Another option is to pick up the signal from a tachometer.

Also, it's good to hear you've got a programmed chip and a cool mosfet.

Remember that any incoming signal will need to pass through a circuit to protect the chip from voltage spikes.

The AC signal you're talking about might have a relatively high peak voltage, but low average voltage (I don't know)

I'll draw you a quick circuit so you can test that.
 
Thanks Steve! There is currently no tach connected to the bike so that is really not an option. I do have another option though. The voltage from the stator (AC) runs into the rectifier for the charging system. The only time the rectifier is outputting the charge voltage (up to if not higher than 15v) is when the engine is running. So I have the option to step that down and into the arduino for reading.

So I have another option if I need to. I just figured it would be easier to use the .05ish vAC over the 15ish VDC.
 

(*steve*)

¡sǝpodᴉʇuɐ ǝɥʇ ɹɐǝɥd
Moderator
Connect the signal source to the left, your meter to the right (voltage range) and this will allow you to see the maximum DC value.

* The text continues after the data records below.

lemma cyl_eq_iff:
  "cyl L p = cyl L u \<longleftrightarrow>
     (\<forall>n. 1 \<le> n \<and> n \<le> L \<longrightarrow> fst p n = fst u n) \<and> (\<forall>m. \<bar>m\<bar> \<le> int L \<longrightarrow> snd p m = snd u m)"
  by (auto simp: cyl_def map_eq_conv abs_le_iff)

lemma dist_pt_less_iff_cyl_eq: "dist_pt p u < 3 powr - real L \<longleftrightarrow> cyl L p = cyl L u"
  by (simp add: dist_pt_def cyl_eq_iff dN_less_iff dZZ_less_iff)

lemma closureZ_iff: "p \<in> closureZ S \<longleftrightarrow> p \<in> Zsp \<and> (\<forall>L. \<exists>u\<in>S. cyl L p = cyl L u)"
proof -
  have "(\<forall>e>0. \<exists>u\<in>S. dist_pt p u < e) \<longleftrightarrow> (\<forall>L. \<exists>u\<in>S. dist_pt p u < 3 powr - real L)"
  proof
    assume "\<forall>L. \<exists>u\<in>S. dist_pt p u < 3 powr - real L"
    moreover have "\<exists>L. 3 powr - real L < e" if e: "e > 0" for e :: real
    proof -
      obtain L where "(1 / 3) ^ L < e" using real_arch_pow_inv[OF e, of "1 / 3"] by auto
      then show ?thesis by (auto simp: powr_minus powr_realpow power_one_over inverse_eq_divide)
    qed
    ultimately show "\<forall>e>0. \<exists>u\<in>S. dist_pt p u < e" by (meson order.strict_trans)
  qed simp
  then show ?thesis by (simp add: closureZ_def dist_pt_less_iff_cyl_eq)
qed

lemma Tmap_Zsp: "p \<in> Zsp \<Longrightarrow> Tmap p \<in> Zsp"
  unfolding Zsp_def Tmap_def shiftN_def shiftZ_def tri_def by auto

lemma cyl_Tmap:
  assumes p: "p \<in> Zsp" and eq: "cyl (Suc L) p = cyl (Suc L) u"
  shows "cyl L (Tmap p) = cyl L (Tmap u)"
proof -
  have "fst p 1 \<in> tri"
    using p unfolding Zsp_def by auto
  have "fst p 1 = fst u 1"
    using eq unfolding cyl_eq_iff by simp
  \<comment> \<open>the \<open>z\<close>-shift by \<open>y\<^sub>1 \<in> {-1,0,1}\<close> moves the window \<open>[-L, L]\<close> into \<open>[-L-1, L+1]\<close>\<close>
  moreover have "snd p (m + fst p 1) = snd u (m + fst p 1)" if "\<bar>m\<bar> \<le> int L" for m
    using eq that \<open>fst p 1 \<in> tri\<close> unfolding cyl_eq_iff tri_def by auto
  ultimately show ?thesis
    using eq unfolding cyl_eq_iff Tmap_def shiftN_def shiftZ_def by auto
qed

lemma closureZ_Tmap:
  assumes S: "\<And>u. u \<in> S \<Longrightarrow> Tmap u \<in> S" and p: "p \<in> closureZ S"
  shows "Tmap p \<in> closureZ S"
proof -
  have "\<exists>u\<in>S. cyl L (Tmap p) = cyl L u" for L
  proof -
    obtain u where "u \<in> S" "cyl (Suc L) p = cyl (Suc L) u" using p closureZ_iff by blast
    then show ?thesis using cyl_Tmap p S closureZ_iff by blast
  qed
  then show ?thesis using Tmap_Zsp p closureZ_iff by blast
qed

lemma Xi_Tmap: "p \<in> Xi q i \<Longrightarrow> Tmap p \<in> Xi q i"
  unfolding Xi_def
proof (rule closureZ_Tmap)
  fix u assume "u \<in> (\<Union>n. (Tmap ^^ n) ` (Pset q i \<times> {z. \<forall>m. z m \<in> tri}))"
  then obtain k w where "w \<in> Pset q i \<times> {z. \<forall>m. z m \<in> tri}" "u = (Tmap ^^ k) w"
    by blast
  then have "Tmap u \<in> (Tmap ^^ Suc k) ` (Pset q i \<times> {z. \<forall>m. z m \<in> tri})" by simp
  then show "Tmap u \<in> (\<Union>n. (Tmap ^^ n) ` (Pset q i \<times> {z. \<forall>m. z m \<in> tri}))" by blast
qed

lemma Xi_Tmap_pow: "p \<in> Xi q i \<Longrightarrow> (Tmap ^^ n) p \<in> Xi q i"
  by (induction n) (simp_all add: Xi_Tmap)

lemma That_pow: "(That ^^ n) (a, b, c, d, i) = ((Tmap ^^ n) a, (Tmap ^^ n) b, (Tmap ^^ n) c, (Tmap ^^ n) d, i)"
  by (induction n) simp_all

lemma Xsp_That_pow: "x \<in> Xsp q \<Longrightarrow> (That ^^ n) x \<in> Xsp q"
  by (cases x) (simp add: Xsp_def That_pow Xi_Tmap_pow)

lemma fst_Tmap_pow: "1 \<le> t \<Longrightarrow> fst ((Tmap ^^ n) p) t = fst p (t + n)"
  by (induction n arbitrary: t) (simp_all add: Tmap_def shiftN_def)

lemma Xi_gap:
  assumes f: "lacunary (qi q i)" and p: "p \<in> Xi q i" and J: "1 \<le> J"
    and t: "qi q i J \<le> t" "t < t'" and nz: "fst p t \<noteq> 0" "fst p t' \<noteq> 0"
  shows "qi q i J \<le> t' - t"
proof -
  obtain u where "u \<in> (\<Union>n. (Tmap ^^ n) ` (Pset q i \<times> {z. \<forall>m. z m \<in> tri}))" and "cyl t' p = cyl t' u"
    using p closureZ_iff unfolding Xi_def by blast
  then obtain n y z where y: "y \<in> Pset q i" and u: "u = (Tmap ^^ n) (y, z)"
    and eq: "\<forall>s. 1 \<le> s \<and> s \<le> t' \<longrightarrow> fst p s = fst u s"
    unfolding cyl_eq_iff by blast
  have "1 \<le> t" using t(1) J f unfolding lacunary_def by fastforce
  then have "y (t + n) \<noteq> 0" "y (t' + n) \<noteq> 0"
    using nz eq t(2) by (simp_all add: u fst_Tmap_pow)
  from Pset_gap[OF f y J _ _ this] t show ?thesis by simp
qed

fun ysupport :: "xpt \<Rightarrow> nat set" where
  "ysupport (a, b, c, d, i) = {t. fst a t \<noteq> 0} \<union> {t. fst b t \<noteq> 0} \<union> {t. fst c t \<noteq> 0} \<union> {t. fst d t \<noteq> 0}"

lemma Xi_support_density_zero:
  assumes f: "lacunary (qi q i)" and p: "p \<in> Xi q i"
  shows "density_zero {t. fst p t \<noteq> 0}"
proof (rule density_zero_if_gapped)
  fix D :: nat assume D: "1 \<le> D"
  have "D \<le> t' - t" if "qi q i D \<le> t" "t < t'" "fst p t \<noteq> 0" "fst p t' \<noteq> 0" for t t'
    using Xi_gap[OF f p D that] lacunary_ge_self[OF f D] by linarith
  then show "\<exists>A. \<forall>t t'. A \<le> t \<longrightarrow> t < t' \<longrightarrow> t \<in> {t. fst p t \<noteq> 0} \<longrightarrow>
      t' \<in> {t. fst p t \<noteq> 0} \<longrightarrow> D \<le> t' - t"
    by blast
qed

lemma Xsp_ysupport_density_zero:
  fixes q :: "nat \<Rightarrow> nat"
  assumes "2 \<le> q 1" "\<forall>k\<ge>1. q k < q (Suc k)" "\<forall>k\<ge>1. q (Suc k) > q k ^ 4 + 3 * q k"
    and x: "x \<in> Xsp q"
  shows "density_zero (ysupport x)"
proof -
  obtain a b c d i where x': "x = (a, b, c, d, i)" by (cases x)
  with x have comps: "a \<in> Xi q 0" "b \<in> Xi q 1" "c \<in> Xi q 2" "d \<in> Xi q 3"
    by (auto simp: Xsp_def)
  show ?thesis unfolding x' ysupport.simps
    by (intro density_zero_Un Xi_support_density_zero[OF lacunary_qi[OF assms(1-3)]]) (rule comps)+
qed

lemma density_one_window_disjoint:
  assumes "density_zero S"
  shows "(\<lambda>N. real (card ({1..N} \<inter> {n. 1 \<le> n \<and> (\<forall>e\<in>{1..K}. n + e \<notin> S)})) / real N) \<longlonglongrightarrow> 1"
proof (rule density_one_if_compl_density_zero)
  have "density_zero ({0} \<union> (\<Union>e\<in>{1..K}. {n. n + e \<in> S}))"
    using assms by (intro density_zero_Un[OF density_zero_finite] density_zero_UN density_zero_shift) auto
  moreover have "- {n. 1 \<le> n \<and> (\<forall>e\<in>{1..K}. n + e \<notin> S)} = {0} \<union> (\<Union>e\<in>{1..K}. {n. n + e \<in> S})"
    by auto
  ultimately show "density_zero (- {n. 1 \<le> n \<and> (\<forall>e\<in>{1..K}. n + e \<notin> S)})" by simp
qed

lemma cyl_Tmap_pow_eq:
  assumes zero: "\<And>t. n < t \<Longrightarrow> t \<le> n + M + h \<Longrightarrow> fst p t = 0"
  shows "cyl M ((Tmap ^^ (n + h)) p) = cyl M ((Tmap ^^ n) p)"
proof -
  have "snd ((Tmap ^^ (n + j)) p) = snd ((Tmap ^^ n) p)" if "j \<le> h" for j
    using that
  proof (induction j)
    case (Suc j)
    have "fst ((Tmap ^^ (n + j)) p) 1 = 0"
      using zero Suc.prems by (simp add: fst_Tmap_pow)
    then have "snd ((Tmap ^^ (n + Suc j)) p) = snd ((Tmap ^^ (n + j)) p)"
      by (simp add: Tmap_def shiftZ_def)
    then show ?case using Suc by simp
  qed simp
  moreover have "fst ((Tmap ^^ (n + h)) p) t = fst ((Tmap ^^ n) p) t" if "1 \<le> t" "t \<le> M" for t
    using zero that by (simp add: fst_Tmap_pow)
  ultimately show ?thesis by (simp add: cyl_eq_iff)
qed

lemma CM_That_pow_eq:
  assumes F: "F \<in> CM q M" and x: "x \<in> Xsp q"
    and zero: "\<And>t. n < t \<Longrightarrow> t \<le> n + M + h \<Longrightarrow> t \<notin> ysupport x"
  shows "F ((That ^^ (n + h)) x) = F ((That ^^ n) x)"
proof -
  have "sameM M ((That ^^ (n + h)) x) ((That ^^ n) x)"
    using zero by (cases x) (simp add: That_pow cyl_Tmap_pow_eq)
  then show ?thesis
    using F Xsp_That_pow[OF x] unfolding CM_def by blast
qed

theorem mainTheorem12:
  fixes q :: "nat \<Rightarrow> nat" and M H :: nat and x :: xpt
  assumes "2 \<le> q 1"
    and "\<forall>k\<ge>1. q k < q (Suc k)"
    and "\<forall>k\<ge>1. q (Suc k) > q k ^ 4 + 3 * q k"
    and "M \<ge> 1" and "H \<ge> 1"
    and "x \<in> Xsp q"
  shows "\<exists>\<Lambda>. \<Lambda> \<subseteq> {1..} \<and>
           (\<lambda>N. real (card ({1..N} \<inter> \<Lambda>)) / real N) \<longlonglongrightarrow> 1 \<and>
           (\<forall>F\<in>CM q M. \<forall>n\<in>\<Lambda>. \<forall>h<H. F ((That ^^ (n + h)) x) = F ((That ^^ n) x))"
proof -
  define \<Lambda> where "\<Lambda> = {n. 1 \<le> n \<and> (\<forall>e\<in>{1..M + H}. n + e \<notin> ysupport x)}"
  have "(\<lambda>N. real (card ({1..N} \<inter> \<Lambda>)) / real N) \<longlonglongrightarrow> 1"
    unfolding \<Lambda>_def using Xsp_ysupport_density_zero[OF assms(1-3,6)]
    by (rule density_one_window_disjoint)
  moreover have "F ((That ^^ (n + h)) x) = F ((That ^^ n) x)"
    if "F \<in> CM q M" "n \<in> \<Lambda>" "h < H" for F n h
  proof (rule CM_That_pow_eq[OF that(1) assms(6)])
    fix t assume t: "n < t" "t \<le> n + M + h"
    then have "t - n \<in> {1..M + H}" using \<open>h < H\<close> by auto
    with \<open>n \<in> \<Lambda>\<close> have "n + (t - n) \<notin> ysupport x" unfolding \<Lambda>_def by blast
    with t show "t \<notin> ysupport x" by simp
  qed
  moreover have "\<Lambda> \<subseteq> {1..}" unfolding \<Lambda>_def by auto
  ultimately show ?thesis by blast
qed

end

The diode can be almost anything, the cap anything from 1uF to 10uF should be fine.

Connect that up to the pickup wire and see what you get.
 
Ok. I will connect this up tomorrow and see what I get. I have a bunch of 1n4007 diodes sitting around. I will use one of those. I will report back when I get the reading. It is 8:30 pm here is PA so it wont be until tomorrow sometime.

Quick question though. What happens to the electrolytic cap when the AC cycles through the negative voltage? Will that still be ok?
 
I have not had time to run out and test the pickup voltage, but I did setup the power supply circuit on the breadboard here. The problem I am having is I am putting 12v into the power circuit but am only getting 3v out. I have tested throughout the entire circuit. There is 10v going into the regulator but still only 3v coming out.

I followed the schematic we have above there.
 

(*steve*)

¡sǝpodᴉʇuɐ ǝɥʇ ɹɐǝɥd
Moderator
Measure the voltage between pins 1 & 2, and the voltage between pins 2 & 3, and between 1 & 3

The first one should be 7V or higher, the second one should be 5V (you're getting 3) and the last should be 2V or more.

Alsop measure the current the circuit is drawing.

I anything getting hot?
 
Pins 1 & 2 is 10.7v
Pins 2 & 3 is 3.1v
Pins 1 & 3 is 7.63v

The current is reading 10.5mA

The zener diode is getting pretty hot. I have it connected up just like the schematic. The cathode (black line) is connected after the inductor and the anode is going to ground.
 
I tried a different regulator and still the same results. I am unsure what is causing it to be only 3v. I removed the zener and still same result.
 
If the zener is getting hot, it's shunting a lot of current. This means the zener's voltage is lower than your supply voltage. If the pin 1&2 voltage is 10.7V, that's probably a 10-11V zener diode. You want one that's higher than the peak output voltage of your supply voltage, since it only exists to protect from spikes/transients.

As for the low output voltage coming out of the regulator, you don't have pins 1 and 3 reversed, do you? Are you using a 7805 or something else?